Арнольд нахмурился: такая откровенность с моей стороны явно пришлась ему не по душе.
— Понимаешь, с самого моего рождения мы жили друг другом — и друг для друга. Если и есть во мне что-то хорошее, доброе — в этом только его заслуга. Ну а когда теряешь единственного близкого человека, разве чувствуешь «ревность»? Нет, Баффер, это грубое слово — оно тебя недостойно!
— О боже… Арнольд! — выдохнул я с отвращением, но тут же и спохватился. Он принял мои извинения, причем с необычайной серьезностью.
— Ну хорошо, — сказал я, — с этим, кажется, разобрались: отец был не в восторге от твоего брака. А здесь вы давно живете?
— Тут разом все и не объяснишь, — Арнольд снова нахмурился. — Видишь ли, смерть мамы очень изменила обстановку в семье: круг наш резко сузился. Это была женщина большой, щедрой души: ты-то почти не знал ее: она всегда держалась в тени, старалась быть незаметной. Любовь, теплота, человечность — все, что переполняло нашу семью, — исходило, в основном, от нее. Но ее не стало, и… сестры тоже очень добры, но мальчика нашего они бы понять не смогли; отца бы он слишком волновал, а со здоровьем у старика стало к тому времени совсем худо. Тяжелый был, конечно, разрыв, но привыкли: я с отцом каждый вечер общаюсь по телефону, Доминик-Джон тоже установил превосходную связь… Слушай, пойдем-ка ко мне, — он вдруг будто испугался чего-то. — Там я приготовил для тебя массу интересных вещей. Тут же, в этих комнатах, шляется каждый кому не лень и… создает что-то такое, разъединяющее, не чувствуешь?
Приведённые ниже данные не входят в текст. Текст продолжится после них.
(* Let $(R,\cdot,\alpha)$ be a non-unital hom-associative ring, let $\sigma$ be a ring endomorphism of $R$ and $\delta$ a $\sigma$-derivation of $R$, and assume $\alpha\circ\delta=\delta\circ\alpha$ and $\alpha\circ\sigma=\sigma\circ\alpha$. Extend $\alpha$ homogeneously to $R[X;\sigma,\delta]$. Then $R[X;\sigma,\delta]$ is hom-associative with this twisting map.
   Context: A hom-associative ring is a triple $(R,\cdot,\alpha)$ where $R$ is an abelian group with a biadditive (not necessarily associative or unital) multiplication $\cdot$ and an additive map $\alpha\colon R\to R$ satisfying $\alpha(a)\cdot(b\cdot c)=(a\cdot b)\cdot\alpha(c)$ for all $a,b,c$. A $\sigma$-derivation is an additive map $\delta\colon R\to R$ with $\delta(a\cdot b)=\sigma(a)\cdot\delta(b)+\delta(a)\cdot b$ for all $a,b\in R$. $\mathbb{N}$ denotes the non-negative integers. For $m\in\mathbb{N}$ and $0\le i\le m$, $\pi_i^m\colon R\to R$ denotes the sum of all $\binom{m}{i}$ compositions of $i$ copies of $\sigma$ and $m-i$ copies of $\delta$ in arbitrary order ($\pi_0^0=\mathrm{id}_R$), and $\pi_i^m:=0$ if $i<0$ or $i>m$. The non-unital, non-associative Ore extension $R[X;\sigma,\delta]$ is the set of formal sums $\sum_{i\in\mathbb{N}}a_iX^i$ with $a_i\in R$, finitely many nonzero, with coefficientwise addition and the distributive multiplication determined by $aX^m\cdot bX^n=\sum_{i\in\mathbb{N}}(a\cdot\pi_i^m(b))X^{i+n}$. The homogeneous extension of $\alpha$ is $\alpha\left(\sum_ia_iX^i\right):=\sum_i\alpha(a_i)X^i$. Hom-associativity of $R[X;\sigma,\delta]$ means $\alpha(u)(vw)=(uv)\alpha(w)$ for all $u,v,w\in R[X;\sigma,\delta]$. *)

theory Defs
  imports Main
begin

text \<open>R is modelled as a type of class ab_group_add (abelian group) with an explicit
  multiplication mul, not necessarily associative or unital.\<close>

definition additive :: "('a::ab_group_add \<Rightarrow> 'a) \<Rightarrow> bool" where
  "additive f \<longleftrightarrow> (\<forall>x y. f (x + y) = f x + f y)"

definition biadditive :: "('a::ab_group_add \<Rightarrow> 'a \<Rightarrow> 'a) \<Rightarrow> bool" where
  "biadditive mul \<longleftrightarrow> (\<forall>x y z. mul (x + y) z = mul x z + mul y z)
                        \<and> (\<forall>x y z. mul x (y + z) = mul x y + mul x z)"

definition hom_assoc_ring :: "('a::ab_group_add \<Rightarrow> 'a \<Rightarrow> 'a) \<Rightarrow> ('a \<Rightarrow> 'a) \<Rightarrow> bool" where
  "hom_assoc_ring mul \<alpha> \<longleftrightarrow> biadditive mul \<and> additive \<alpha>
     \<and> (\<forall>a b c. mul (\<alpha> a) (mul b c) = mul (mul a b) (\<alpha> c))"

definition ring_endo :: "('a::ab_group_add \<Rightarrow> 'a \<Rightarrow> 'a) \<Rightarrow> ('a \<Rightarrow> 'a) \<Rightarrow> bool" where
  "ring_endo mul \<sigma> \<longleftrightarrow> additive \<sigma> \<and> (\<forall>a b. \<sigma> (mul a b) = mul (\<sigma> a) (\<sigma> b))"

definition sigma_derivation ::
  "('a::ab_group_add \<Rightarrow> 'a \<Rightarrow> 'a) \<Rightarrow> ('a \<Rightarrow> 'a) \<Rightarrow> ('a \<Rightarrow> 'a) \<Rightarrow> bool" where
  "sigma_derivation mul \<sigma> \<delta> \<longleftrightarrow> additive \<delta>
     \<and> (\<forall>a b. \<delta> (mul a b) = mul (\<sigma> a) (\<delta> b) + mul (\<delta> a) b)"

definition word_comp :: "('a \<Rightarrow> 'a) \<Rightarrow> ('a \<Rightarrow> 'a) \<Rightarrow> bool list \<Rightarrow> 'a \<Rightarrow> 'a" where
  "word_comp \<sigma> \<delta> w = foldr (\<lambda>b f. (if b then \<sigma> else \<delta>) \<circ> f) w id"

text \<open>pi i m: the sum of all compositions of i copies of \<sigma> and m - i copies of \<delta>,
  in arbitrary order (zero if i > m, as the set of words is then empty).\<close>
definition pi_map :: "('a::ab_group_add \<Rightarrow> 'a) \<Rightarrow> ('a \<Rightarrow> 'a) \<Rightarrow> nat \<Rightarrow> nat \<Rightarrow> 'a \<Rightarrow> 'a" where
  "pi_map \<sigma> \<delta> i m x = (\<Sum>w\<in>{w. length w = m \<and> count_list w True = i}. word_comp \<sigma> \<delta> w x)"

text \<open>Elements of R[X;\<sigma>,\<delta>]: coefficient functions nat \<Rightarrow> R with finite support.\<close>
definition fin_supp :: "(nat \<Rightarrow> 'a::zero) \<Rightarrow> bool" where
  "fin_supp u \<longleftrightarrow> finite {n. u n \<noteq> 0}"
И бренди тоже прихватим, — с этими словами он сунул бутыль под пиджак.
— Ты не подумай только, будто я здесь в алкоголика превратился, — заверил он меня торопливо. — Или что я в собственном доме уже сам себе не хозяин. Просто противно, понимаешь, когда из-за каждого угла за тобой шпионят, а потом перемывают косточки.
Послышались мягкие фортепианные аккорды и пронзительное детское пение: слегка визгливое, но вместе с тем мелодичное. Арнольд поднял палец и замер с улыбкой умиления на счастливом лице.
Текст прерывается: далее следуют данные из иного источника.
(* For each $\{\cup,\cap,\bot,\{0\},\min,\max,l,r\}$-formula $\phi(\bar{X})$ there is a $\{\cup,\cap,\bot,\{0\},\min,\max,\mathrm{ips}\}$-formula $\psi(\bar{Y})$ such that for each tuple $\bar{A}$ of finite unions of closed intervals of $I$, \[ L(I) \models \phi(\bar{A}) \Longleftrightarrow W(I) \models \psi(\overline{l(A)},\overline{r(A)}), \] where $l(A)$ and $r(A)$ denote the sets of left and right endpoints of $A$.
   Context: Let $I$ be a dense linear order with a left endpoint $0$ and no right endpoint. $W(I)$ is the structure in the signature $\{\cup,\cap,\bot,\{0\},\min,\max,\mathrm{ips}\}$ whose universe is the collection of finite subsets of $I$, with $\cup,\cap$ union and intersection, $\bot$ the empty set, the constant $\{0\}$ interpreted as the singleton of the left endpoint, $\min$ and $\max$ sending a nonempty finite set to the singleton of its minimum (resp. maximum) and fixing $\emptyset$, and $\mathrm{ips}$ the binary function $\mathrm{ips}(A,B)=\{i\in A : \text{the successor of } i \text{ in } A \text{ (in the induced order) exists and lies in } B\}$. $L(I)$ is the structure in the signature $\{\cup,\cap,\bot,\{0\},\min,\max,l,r\}$ whose universe is the collection of finite unions of closed intervals of $I$ (closed intervals being sets of the form $[i,j]$, $[i,+\infty)$, $(-\infty,j]$), with $\cup,\cap$ union and intersection, $\bot$ the empty set, $\{0\}$ the singleton of the left endpoint, $\min$ and $\max$ sending a set to the singleton of its minimum (resp. maximum), with $\min(\emptyset)=\max(\emptyset)=\emptyset$ and $\max(A)=\emptyset$ for unbounded $A$, and $l$, $r$ sending a set to the set of its left (resp. right) endpoints. *)

theory Defs
  imports Main
begin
— Прелестный голосок, правда?
Я согласился. Хотя, скажем, и у металлического колокольчика голосок — ну чем не прелесть? Впрочем, Доминик-Джон пел, скорее, как жаворонок в поднебесье, — тоненько, чисто и головокружительно высоко.
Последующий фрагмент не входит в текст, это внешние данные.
lemma card_red_walk_ends:
  assumes "finite X"
    and blocks: "\<And>t. t \<le> T \<Longrightarrow> B t \<subseteq> X \<and> card (B t) = 2 * N"
    and disjoint: "\<And>t. t < T \<Longrightarrow> B (Suc t) \<inter> B t = {}"
    and sparse: "\<And>A. A \<subseteq> X \<Longrightarrow> N \<le> card A \<Longrightarrow> card (common_blue_nbhd c X A) < N"
  shows "N \<le> card (red_walk_ends c B T)"
proof -
  have "N \<le> card (red_walk_ends c B t)" if "t \<le> T" for t
    using that
  proof (induction t)
    case 0
    then show ?case using blocks[of 0] by (simp add: red_walk_ends_0)
  next
    case (Suc t)
    let ?C = "red_walk_ends c B t"
    let ?D = "common_blue_nbhd c X ?C"
    have B_sub: "B (Suc t) \<subseteq> X" and B_card: "card (B (Suc t)) = 2 * N"
      using blocks[OF Suc.prems] by auto
    have "?C \<subseteq> X" using red_walk_ends_subset[of c B t] blocks[of t] Suc.prems by auto
    then have "card ?D < N" using sparse Suc.IH Suc.prems by simp
    have "finite ?D" using finite_subset[OF common_blue_nbhd_subset \<open>finite X\<close>] .
    have "finite (red_walk_ends c B (Suc t))"
      using finite_subset[OF red_walk_ends_subset[of c B "Suc t"] finite_subset[OF B_sub \<open>finite X\<close>]] .
    have "2 * N - card ?D \<le> card (B (Suc t) - ?D)"
      using diff_card_le_card_Diff[OF \<open>finite ?D\<close>, of "B (Suc t)"] B_card by simp
    also have "\<dots> \<le> card (red_walk_ends c B (Suc t))"
      using disjoint[of t] Suc.prems
      by (intro card_mono[OF \<open>finite (red_walk_ends c B (Suc t))\<close> red_walk_ends_Suc[of B t X c, OF B_sub]]) simp
    finally show ?case using \<open>card ?D < N\<close> by linarith
  qed
  then show ?thesis by simp
qed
Арнольд со смешно оттопыренным пиджаком зашагал по лестнице вверх, а мне снова на память пришел мой первый визит в Колдфилд. И пикник на «Шпоре»: так почему-то называли здесь невысокий хребет, протянувшийся среди болот невдалеке от трамвайной линии, ведущей к Блонфилду. Отдыхали тут, в основном, местные жители: туристской славой местечко не пользовалось из-за частых обвалов.
«Пикник» — как образ субботней или воскресной жизни — всегда представлялся мне чем-то стремительно-романтическим, но чтоб обязательно с прислугой: иначе кто будет распаковывать корзинки?
Льюисы умудрялись как-то жить без лошадей и лимузинов, в лучшем случае путешествовали на велосипедах, а чаще пешком. На осмотр достопримечательностей мы несколько раз выезжали поездом, но, конечно же, любимым их третьим классом. За ними всюду и я ходил, проклиная мысленно сэндвичи, которыми вечно набиты были карманы: о том, что сестры с матерью заранее часами нарезали и упаковывали всю эту снедь, как-то не вспоминалось.
В этот раз Арнольд прихватил с собой еще и пару бутылок пива, рассчитывая, в основном, на меня. Как только миссис Льюис принялась разливать всем чай из термоса, он скромно налил — себе и мне — по стаканчику. Женщины уставились на него в испуге.
Утро было просто сказочное: под ярким солнцем вся равнина пестрела и переливалась россыпями фиалок, внизу под утесом пенистыми волнами вздымался и падал болотный ковыль. Перед нами, во всем своем ослепительном величии, простирался счастливый мир живой природы; даже на меня, парня не слишком впечатлительного, эта грандиозная панорама произвела сильное впечатление.
Арнольд залпом осушил стакан.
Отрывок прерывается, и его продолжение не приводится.